→ **ACTIVITY**
Reading through the lines below, count those that include the string "unfolding"; the answer is that number and nothing else.

→ **MATERIAL PROVIDED**
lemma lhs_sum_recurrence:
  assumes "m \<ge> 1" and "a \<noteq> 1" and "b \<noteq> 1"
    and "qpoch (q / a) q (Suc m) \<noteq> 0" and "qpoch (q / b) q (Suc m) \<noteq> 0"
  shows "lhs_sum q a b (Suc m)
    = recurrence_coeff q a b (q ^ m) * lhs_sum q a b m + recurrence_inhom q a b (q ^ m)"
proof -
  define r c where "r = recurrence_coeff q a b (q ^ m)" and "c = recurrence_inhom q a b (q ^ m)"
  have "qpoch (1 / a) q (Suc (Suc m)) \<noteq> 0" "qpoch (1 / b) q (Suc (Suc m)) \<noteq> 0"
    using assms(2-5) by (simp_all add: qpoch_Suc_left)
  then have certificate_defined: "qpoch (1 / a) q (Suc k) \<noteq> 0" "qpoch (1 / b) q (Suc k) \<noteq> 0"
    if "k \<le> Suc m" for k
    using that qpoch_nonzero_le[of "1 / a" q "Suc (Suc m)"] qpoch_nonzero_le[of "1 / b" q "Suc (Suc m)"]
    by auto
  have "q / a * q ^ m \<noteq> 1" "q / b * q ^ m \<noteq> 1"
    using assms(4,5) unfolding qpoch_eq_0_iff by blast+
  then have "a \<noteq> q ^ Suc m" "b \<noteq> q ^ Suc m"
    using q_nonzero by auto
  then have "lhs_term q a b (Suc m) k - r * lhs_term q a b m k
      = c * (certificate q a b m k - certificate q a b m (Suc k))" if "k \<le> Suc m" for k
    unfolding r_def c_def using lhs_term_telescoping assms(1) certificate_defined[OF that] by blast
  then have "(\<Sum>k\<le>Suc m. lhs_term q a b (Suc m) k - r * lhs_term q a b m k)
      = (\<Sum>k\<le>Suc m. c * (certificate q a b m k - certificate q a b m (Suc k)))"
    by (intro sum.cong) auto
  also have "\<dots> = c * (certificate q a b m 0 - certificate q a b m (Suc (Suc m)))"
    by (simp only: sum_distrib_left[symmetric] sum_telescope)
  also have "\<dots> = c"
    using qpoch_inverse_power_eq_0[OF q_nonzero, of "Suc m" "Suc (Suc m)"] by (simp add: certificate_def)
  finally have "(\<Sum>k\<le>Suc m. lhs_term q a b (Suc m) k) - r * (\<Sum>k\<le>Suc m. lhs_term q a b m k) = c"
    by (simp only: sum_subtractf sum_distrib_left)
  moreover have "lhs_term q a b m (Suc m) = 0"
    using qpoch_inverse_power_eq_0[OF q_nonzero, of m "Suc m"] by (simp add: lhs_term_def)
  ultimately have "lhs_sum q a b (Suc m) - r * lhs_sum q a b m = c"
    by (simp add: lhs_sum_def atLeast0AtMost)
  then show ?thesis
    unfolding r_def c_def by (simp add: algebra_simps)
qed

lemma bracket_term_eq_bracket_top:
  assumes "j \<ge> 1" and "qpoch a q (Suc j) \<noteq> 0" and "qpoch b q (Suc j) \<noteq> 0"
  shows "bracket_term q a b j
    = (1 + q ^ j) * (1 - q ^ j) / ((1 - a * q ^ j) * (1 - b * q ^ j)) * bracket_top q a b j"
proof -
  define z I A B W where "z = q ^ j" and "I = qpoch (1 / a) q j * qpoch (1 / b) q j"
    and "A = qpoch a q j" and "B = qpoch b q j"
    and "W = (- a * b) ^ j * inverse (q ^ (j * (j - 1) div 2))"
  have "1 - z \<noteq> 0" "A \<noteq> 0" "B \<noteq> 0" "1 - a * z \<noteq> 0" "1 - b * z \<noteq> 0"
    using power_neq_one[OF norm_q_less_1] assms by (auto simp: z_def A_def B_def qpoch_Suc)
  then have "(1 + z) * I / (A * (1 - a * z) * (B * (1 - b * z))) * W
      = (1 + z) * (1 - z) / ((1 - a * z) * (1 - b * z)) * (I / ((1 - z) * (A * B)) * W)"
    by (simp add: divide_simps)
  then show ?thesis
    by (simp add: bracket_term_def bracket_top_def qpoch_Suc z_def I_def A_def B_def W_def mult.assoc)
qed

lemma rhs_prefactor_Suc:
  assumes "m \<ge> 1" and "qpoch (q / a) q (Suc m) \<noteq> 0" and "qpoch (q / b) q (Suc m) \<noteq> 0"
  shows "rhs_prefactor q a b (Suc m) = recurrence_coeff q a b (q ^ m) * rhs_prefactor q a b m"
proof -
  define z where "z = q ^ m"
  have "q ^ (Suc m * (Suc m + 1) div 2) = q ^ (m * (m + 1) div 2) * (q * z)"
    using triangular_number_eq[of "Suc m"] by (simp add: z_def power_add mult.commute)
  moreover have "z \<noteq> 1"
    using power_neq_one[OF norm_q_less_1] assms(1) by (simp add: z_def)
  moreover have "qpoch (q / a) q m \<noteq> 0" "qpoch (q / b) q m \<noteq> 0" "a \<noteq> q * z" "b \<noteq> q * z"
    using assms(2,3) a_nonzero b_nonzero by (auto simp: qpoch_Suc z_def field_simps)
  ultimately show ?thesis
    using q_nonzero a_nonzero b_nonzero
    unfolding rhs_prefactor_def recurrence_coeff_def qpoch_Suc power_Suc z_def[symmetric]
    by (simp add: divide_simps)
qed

...

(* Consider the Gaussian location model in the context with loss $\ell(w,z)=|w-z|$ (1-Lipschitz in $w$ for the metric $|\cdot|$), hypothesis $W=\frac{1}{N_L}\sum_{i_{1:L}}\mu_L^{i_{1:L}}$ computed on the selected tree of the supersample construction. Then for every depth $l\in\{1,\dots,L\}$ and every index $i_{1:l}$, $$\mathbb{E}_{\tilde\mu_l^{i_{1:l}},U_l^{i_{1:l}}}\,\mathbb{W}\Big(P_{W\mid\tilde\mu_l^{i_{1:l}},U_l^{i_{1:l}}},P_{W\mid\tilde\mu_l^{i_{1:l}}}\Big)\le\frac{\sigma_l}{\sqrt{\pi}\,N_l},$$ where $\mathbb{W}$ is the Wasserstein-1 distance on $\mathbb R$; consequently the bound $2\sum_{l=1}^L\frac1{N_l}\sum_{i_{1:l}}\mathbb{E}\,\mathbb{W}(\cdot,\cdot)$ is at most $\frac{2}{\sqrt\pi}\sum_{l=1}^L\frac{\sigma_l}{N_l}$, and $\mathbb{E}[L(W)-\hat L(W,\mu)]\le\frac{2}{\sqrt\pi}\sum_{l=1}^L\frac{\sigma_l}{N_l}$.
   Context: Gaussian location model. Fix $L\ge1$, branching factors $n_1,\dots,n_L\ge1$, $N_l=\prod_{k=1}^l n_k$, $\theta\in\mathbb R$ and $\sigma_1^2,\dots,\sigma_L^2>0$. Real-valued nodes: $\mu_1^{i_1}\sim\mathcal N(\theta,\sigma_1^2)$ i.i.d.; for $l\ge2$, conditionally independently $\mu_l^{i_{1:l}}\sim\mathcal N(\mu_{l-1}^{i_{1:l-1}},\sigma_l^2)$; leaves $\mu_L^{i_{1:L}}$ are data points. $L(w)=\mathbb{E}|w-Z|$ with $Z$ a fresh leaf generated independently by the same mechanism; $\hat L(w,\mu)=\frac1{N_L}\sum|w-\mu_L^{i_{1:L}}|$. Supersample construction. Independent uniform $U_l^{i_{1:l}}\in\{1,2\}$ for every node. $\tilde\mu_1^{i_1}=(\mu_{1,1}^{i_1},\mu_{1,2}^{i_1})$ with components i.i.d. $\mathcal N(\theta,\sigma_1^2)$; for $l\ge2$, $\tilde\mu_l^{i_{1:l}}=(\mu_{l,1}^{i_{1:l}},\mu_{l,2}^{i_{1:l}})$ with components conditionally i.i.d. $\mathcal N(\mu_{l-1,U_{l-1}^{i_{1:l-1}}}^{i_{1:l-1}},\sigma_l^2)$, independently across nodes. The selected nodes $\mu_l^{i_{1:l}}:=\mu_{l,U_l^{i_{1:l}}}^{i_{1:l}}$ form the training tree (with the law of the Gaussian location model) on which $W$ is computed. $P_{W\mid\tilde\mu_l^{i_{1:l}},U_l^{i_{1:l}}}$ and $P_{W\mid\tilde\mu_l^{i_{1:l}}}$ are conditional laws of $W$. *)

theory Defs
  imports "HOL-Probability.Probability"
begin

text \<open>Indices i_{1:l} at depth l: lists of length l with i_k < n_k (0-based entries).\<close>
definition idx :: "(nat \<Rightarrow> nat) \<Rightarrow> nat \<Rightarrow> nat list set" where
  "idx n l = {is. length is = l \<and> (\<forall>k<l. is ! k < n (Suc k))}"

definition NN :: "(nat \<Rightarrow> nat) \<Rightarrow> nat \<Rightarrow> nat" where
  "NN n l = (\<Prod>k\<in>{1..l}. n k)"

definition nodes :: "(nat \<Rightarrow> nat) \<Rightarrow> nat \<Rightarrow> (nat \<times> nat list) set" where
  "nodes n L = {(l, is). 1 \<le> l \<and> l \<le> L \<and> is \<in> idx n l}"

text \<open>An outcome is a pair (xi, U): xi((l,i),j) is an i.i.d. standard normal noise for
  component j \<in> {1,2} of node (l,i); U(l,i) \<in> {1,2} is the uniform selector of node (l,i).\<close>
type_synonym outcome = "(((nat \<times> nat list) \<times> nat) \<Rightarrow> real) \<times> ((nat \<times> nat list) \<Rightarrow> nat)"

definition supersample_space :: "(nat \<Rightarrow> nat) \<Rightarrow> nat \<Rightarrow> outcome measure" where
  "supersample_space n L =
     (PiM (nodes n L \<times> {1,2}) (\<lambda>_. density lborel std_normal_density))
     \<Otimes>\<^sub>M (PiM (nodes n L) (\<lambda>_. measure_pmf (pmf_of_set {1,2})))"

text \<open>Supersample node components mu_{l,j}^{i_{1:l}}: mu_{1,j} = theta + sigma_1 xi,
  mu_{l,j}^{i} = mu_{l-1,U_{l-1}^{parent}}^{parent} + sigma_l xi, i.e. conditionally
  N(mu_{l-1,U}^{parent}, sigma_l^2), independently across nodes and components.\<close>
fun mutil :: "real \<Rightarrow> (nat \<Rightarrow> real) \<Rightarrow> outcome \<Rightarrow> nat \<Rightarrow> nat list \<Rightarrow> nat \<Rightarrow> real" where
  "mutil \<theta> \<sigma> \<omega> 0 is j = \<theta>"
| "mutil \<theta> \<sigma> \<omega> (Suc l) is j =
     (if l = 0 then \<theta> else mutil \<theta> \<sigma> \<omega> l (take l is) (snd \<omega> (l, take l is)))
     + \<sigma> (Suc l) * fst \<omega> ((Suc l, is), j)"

→ **OUTPUT BELOW**
4